Problem: You want to serve your web application through HTTPS.
Solution: Use the http.ListenAndServeTLS function to serve your web application through HTTPS.
HTTPS is nothing more than layering HTTP on top of the Transport Security Layer (TLS). The net/http package provides the http.ListenAndServeTLS function to serve your web application through HTTPS.
package main import ( "net/http" ) func main() { http.HandleFunc("/", index) http.ListenAndServeTLS(":8000", "cert.pem", "key.pem", nil) } func index(w http.ResponseWriter, r *http.Request) { w.Write([]byte("Hello World")) }
Most of the code is the same, except you need a certificate file cert.pem and a private key file key.pem . The cert.pem is the SSL certificate, while key.pem is the private key for the server. In a production scenario, you will need to get the SSL certificate from a certificate authority (CA) like VeriSign or Thawte or Comodo SSL, or you can use Let’s Encrypt to get a free one. However, if you just need a certificate and private key to try things out, you can generate self-signed ones using OpenSSL.
Run this from the command line:
$ openssl req -x509 -newkey rsa:4096 -keyout key.pem -out cert.pem -days 365 -nodes
OpenSSL is an open source implementation of SSL and TLS. The library contains a command-line tool with the same name that can do a number of things, including creating private keys and SSL certificates.

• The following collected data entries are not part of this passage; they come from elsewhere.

(* Let $G$ be a bridgeless cubic graph and let $H\subseteq G$ be an (induced) subgraph with $|\delta_G(H)|=6$. Then either $H$ has a perfect matching, or $H$ contains an independent set $S$ of vertices, each of valency $3$ in $H$, such that (i) every component of $H-S$ has an odd number of vertices, (ii) the number of components of $H-S$ with an odd number of vertices equals $|S|+2$, and (iii) $|\delta_G(L)|=3$ for each component $L$ of $H-S$.
   Context: Graphs may have multiple edges and loops. For a subgraph $H$ of $G$, $\delta_G(H)$ denotes the set of edges of $G$ with exactly one end in $V(H)$. *)

theory Defs
  imports Main
begin

text \<open>A finite multigraph (multiple edges and loops allowed) is given by a vertex set V,
  an edge set E (edge names) and an incidence map inc assigning to each edge its set of
  ends: a one-element set for a loop, a two-element set otherwise.\<close>

definition multigraph :: "'v set \<Rightarrow> 'e set \<Rightarrow> ('e \<Rightarrow> 'v set) \<Rightarrow> bool" where
  "multigraph V E inc \<longleftrightarrow> finite V \<and> finite E \<and>
     (\<forall>e\<in>E. inc e \<subseteq> V \<and> inc e \<noteq> {} \<and> card (inc e) \<le> 2)"

definition degree :: "'e set \<Rightarrow> ('e \<Rightarrow> 'v set) \<Rightarrow> 'v \<Rightarrow> nat" where
  "degree F inc v = card {e\<in>F. v \<in> inc e \<and> card (inc e) = 2} + 2 * card {e\<in>F. inc e = {v}}"

definition cubic :: "'v set \<Rightarrow> 'e set \<Rightarrow> ('e \<Rightarrow> 'v set) \<Rightarrow> bool" where
  "cubic V E inc \<longleftrightarrow> (\<forall>v\<in>V. degree E inc v = 3)"

definition induced_edges :: "'e set \<Rightarrow> ('e \<Rightarrow> 'v set) \<Rightarrow> 'v set \<Rightarrow> 'e set" where
  "induced_edges E inc W = {e\<in>E. inc e \<subseteq> W}"

definition reach :: "'v set \<Rightarrow> 'e set \<Rightarrow> ('e \<Rightarrow> 'v set) \<Rightarrow> 'v \<Rightarrow> 'v \<Rightarrow> bool" where
  "reach W F inc u v \<longleftrightarrow> u \<in> W \<and>
     (\<lambda>a b. a \<in> W \<and> b \<in> W \<and> (\<exists>e\<in>F. inc e = {a, b}))\<^sup>*\<^sup>* u v"

definition bridge :: "'v set \<Rightarrow> 'e set \<Rightarrow> ('e \<Rightarrow> 'v set) \<Rightarrow> 'e \<Rightarrow> bool" where
  "bridge V E inc e \<longleftrightarrow> e \<in> E \<and>
     (\<exists>u v. u \<noteq> v \<and> inc e = {u, v} \<and> \<not> reach V (E - {e}) inc u v)"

The req command is used to manage certificate requests but can also be used to create self-signed certificates. Option -x509 tells the tool to create self-signed certificates (X.509 is an International Telecommunication Union standard defining the format of public key certificates). The option -newkey tells the tool to generate a new private key. The argument rsa:4096 tells the tool to create a key that is of size 4,096 bits. The -keyout and -out options tell the tool to create the private key and certificate files with the respective names given in the argument. The option -days specifies the number of days to certify the certificate. Here you use 365, which means the certificate is valid only for 1 year. Finally, use the -nodes option (which means, “no DES” rather than “nodes”) to say you don’t want to encrypt the private key.

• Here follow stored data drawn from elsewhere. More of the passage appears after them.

definition first_occurrence_prob :: "bool list \<Rightarrow> nat \<Rightarrow> ennreal" where
  "first_occurrence_prob S j = (\<integral>\<^sup>+\<omega>. of_bool (first_occurrence S (snth \<omega>) j) \<partial>coin_space p)"

definition no_occurrence_prob :: "bool list \<Rightarrow> nat \<Rightarrow> ennreal" where
  "no_occurrence_prob S m = (\<integral>\<^sup>+\<omega>. of_bool (no_occurrence_upto S (snth \<omega>) m) \<partial>coin_space p)"

lemma no_occurrence_prob_matches_at:
  "(\<integral>\<^sup>+\<omega>. of_bool (no_occurrence_upto S (snth \<omega>) m \<and> matches_at xs (snth \<omega>) m) \<partial>coin_space p) =
    no_occurrence_prob S m * ennreal (word_prob p xs)"
proof -
  have "no_occurrence_upto S (snth \<omega>) m \<longleftrightarrow> no_occurrence_upto S ((!) (stake m \<omega>)) m" for \<omega>
    by (rule no_occurrence_upto_cong) simp
  then show ?thesis
    using nn_integral_prefix_event_matches_at[of "\<lambda>ys. no_occurrence_upto S ((!) ys) m" m xs]
    by (simp add: no_occurrence_prob_def)
qed

lemma first_occurrence_prob_matches_at:
  "(\<integral>\<^sup>+\<omega>. of_bool (first_occurrence S (snth \<omega>) j \<and> matches_at xs (snth \<omega>) j) \<partial>coin_space p) =
    first_occurrence_prob S j * ennreal (word_prob p xs)"
proof -
  have "first_occurrence S (snth \<omega>) j \<longleftrightarrow> first_occurrence S ((!) (stake j \<omega>)) j" for \<omega>
    by (rule first_occurrence_cong) simp
  then show ?thesis
    using nn_integral_prefix_event_matches_at[of "\<lambda>ys. first_occurrence S ((!) ys) j" j xs]
    by (simp add: first_occurrence_prob_def)
qed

When you run the command, you should see something like this:
Generating a 4096 bit RSA private key ......................................................................... ...................................++++ ......................................................................... ......................................................................... ...................................................++++ writing new private key to 'key.pem' \ - - - - - You are about to be asked to enter information that will be incorporated into your certificate request. What you are about to enter is what is called a Distinguished Name or a DN. There are quite a few fields but you can leave some blank For some fields there will be a default value, If you enter '.', the field will be left blank. \ - - - - - Country Name (2 letter code) []:SG State or Province Name (full name) []: Locality Name (eg, city) []: Organization Name (eg, company) []:Go Cookbook Organizational Unit Name (eg, section) []: Common Name (eg, fully qualified host name) []:localhost Email Address []:sausheong@gmail.com
This is the interactive mode. You can press the return key to leave the entries empty except for the common name. The common name is the fully qualified domain name of the server you want to protect. In this case, it’s for testing, so you can just enter localhost .

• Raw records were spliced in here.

lemma UN_Image_classes:
  assumes "sym R" "trans R" "\<forall>A\<in>S. \<exists>h. A = R `` {h}"
  shows "(\<Union>f\<in>\<Union>S. R `` {f}) = \<Union>S"
proof -
  have "R `` {f} = A" if "A \<in> S" "f \<in> A" for A f
  proof -
    obtain h where "A = R `` {h}" using assms(3) \<open>A \<in> S\<close> by blast
    with \<open>f \<in> A\<close> have "(h, f) \<in> R" by blast
    with assms(1,2) show ?thesis
      unfolding \<open>A = R `` {h}\<close> by (blast dest: symD transD)
  qed
  then show ?thesis by blast
qed

lemma Phi_Union_classes:
  fixes U :: "'d::finite fn set set"
  assumes uf: "ultrafilter_on D0 U" and "open \<Omega>"
    and half: "eventually (\<lambda>\<phi>. Rphi \<phi> \<le> 1 / 2) (ufilter U)"
    and S: "\<forall>A\<in>S. \<exists>h. A = relRho U \<Omega> `` {h}"
  shows "Phi U \<Omega> (\<Union>S) = \<Union>S"
proof -
  have "eventually (\<lambda>\<phi>. Rphi \<phi> < 1) (ufilter U)"
    using half by (rule eventually_mono) simp
  then have "relMN U \<Omega> = relRho U \<Omega>"
    by (rule relMN_eq_relRho[OF uf \<open>open \<Omega>\<close>])
  with relMN_sym[OF uf \<open>open \<Omega>\<close> half] relMN_trans[OF uf \<open>open \<Omega>\<close> half] S
  show ?thesis unfolding Phi_def by (simp only: UN_Image_classes)
qed

lemma Phi_class:
  fixes U :: "'d::finite fn set set"
  assumes uf: "ultrafilter_on D0 U" and "open \<Omega>"
    and half: "eventually (\<lambda>\<phi>. Rphi \<phi> \<le> 1 / 2) (ufilter U)"
  shows "Phi U \<Omega> (relRho U \<Omega> `` {f}) = relRho U \<Omega> `` {f}"
proof -
  have "Phi U \<Omega> (\<Union>{relRho U \<Omega> `` {f}}) = \<Union>{relRho U \<Omega> `` {f}}"
    by (rule Phi_Union_classes[OF assms]) blast
  then show ?thesis by simp
qed

theorem theorem7p12:
  fixes U :: "('d::finite fn) set set" and \<Omega> :: "(real^'d) set"
  assumes "open \<Omega>"
    and "free_ultrafilter_on D0 U"
    and "cplus_good U"
    and "\<forall>n::nat. n \<ge> 1 \<longrightarrow> Dn n \<in> U"
  shows "(\<forall>f. net_in_E \<Omega> f \<longrightarrow> (Mod U \<Omega> f \<longleftrightarrow> Mrho_E U \<Omega> f))
    \<and> (\<forall>f. Mod U \<Omega> f \<longrightarrow> Phi U \<Omega> (relMN U \<Omega> `` {f}) = relRho U \<Omega> `` {f})
    \<and> bij_betw (Phi U \<Omega>) (Ehat U \<Omega>) (rhoE U \<Omega>)
    \<and> (\<forall>X\<in>Ehat U \<Omega>. \<forall>Y\<in>Ehat U \<Omega>.
          Phi U \<Omega> (qadd (relMN U \<Omega>) X Y) = qadd (relRho U \<Omega>) (Phi U \<Omega> X) (Phi U \<Omega> Y)
        \<and> Phi U \<Omega> (qmul (relMN U \<Omega>) X Y) = qmul (relRho U \<Omega>) (Phi U \<Omega> X) (Phi U \<Omega> Y))
    \<and> (\<forall>c. \<forall>X\<in>Ehat U \<Omega>. Phi U \<Omega> (qscal (relMN U \<Omega>) c X) = qscal (relRho U \<Omega>) c (Phi U \<Omega> X))
    \<and> (\<forall>\<alpha>. \<forall>X\<in>Ehat U \<Omega>. Phi U \<Omega> (qder (relMN U \<Omega>) \<alpha> X) = qder (relRho U \<Omega>) \<alpha> (Phi U \<Omega> X))
    \<and> Phi U \<Omega> (qone (relMN U \<Omega>)) = qone (relRho U \<Omega>)"
proof -
  have uf: "ultrafilter_on D0 U" using assms(2) unfolding free_ultrafilter_on_def by blast
  have half: "eventually (\<lambda>\<phi>. Rphi \<phi> \<le> 1 / 2) (ufilter U)"
    using eventually_Rphi_le[OF uf, of 2] assms(4) by simp
  then have "eventually (\<lambda>\<phi>. Rphi \<phi> < 1) (ufilter U)"
    by (rule eventually_mono) simp
  then have MN: "relMN U \<Omega> = relRho U \<Omega>"
    by (rule relMN_eq_relRho[OF uf \<open>open \<Omega>\<close>])
  note Phi_Union = Phi_Union_classes[OF uf \<open>open \<Omega>\<close> half]
  note Phi_class = Phi_class[OF uf \<open>open \<Omega>\<close> half]
  have Ehat: "Ehat U \<Omega> = rhoE U \<Omega>"
    unfolding Ehat_def rhoE_def Mod_iff_Mrho_E[OF uf \<open>open \<Omega>\<close>] MN by (rule refl)
  have Phi_id: "Phi U \<Omega> X = X" if "X \<in> Ehat U \<Omega>" for X
    using that unfolding Ehat_def MN by (rule quotientE) (simp only: Phi_class)
  have "bij_betw (Phi U \<Omega>) (Ehat U \<Omega>) (Ehat U \<Omega>)"
    using bij_betw_id by (rule bij_betw_cong[THEN iffD1, rotated]) (simp add: Phi_id)
  moreover have "Phi U \<Omega> (qadd (relRho U \<Omega>) X Y) = qadd (relRho U \<Omega>) X Y"
    and "Phi U \<Omega> (qmul (relRho U \<Omega>) X Y) = qmul (relRho U \<Omega>) X Y"
    and "Phi U \<Omega> (qscal (relRho U \<Omega>) c X) = qscal (relRho U \<Omega>) c X"
    and "Phi U \<Omega> (qder (relRho U \<Omega>) \<alpha> X) = qder (relRho U \<Omega>) \<alpha> X" for X Y c \<alpha>
    unfolding qadd_def qmul_def qscal_def qder_def by (rule Phi_Union; blast)+
  ultimately show ?thesis
    unfolding MN Ehat[symmetric] qone_def
    using Mod_iff_Mrho_E[OF uf \<open>open \<Omega>\<close>] by (simp add: Phi_class Phi_id)
qed

end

Once you’re done, you should have two files — the cert.pem and key.pem files. Copy them into the same directory as the main.go file. Then run the code again to start the server.
While there would be uses for configuring TLS this way, most likely, if you are deploying your web application in a production environment, you will use a reverse proxy like Nginx or Apache to handle the TLS termination. This way, you can offload the TLS termination, which will improve the performance of your web application. This means your web application can still run with HTTP while it is fronted by a reverse proxy that runs through HTTPS.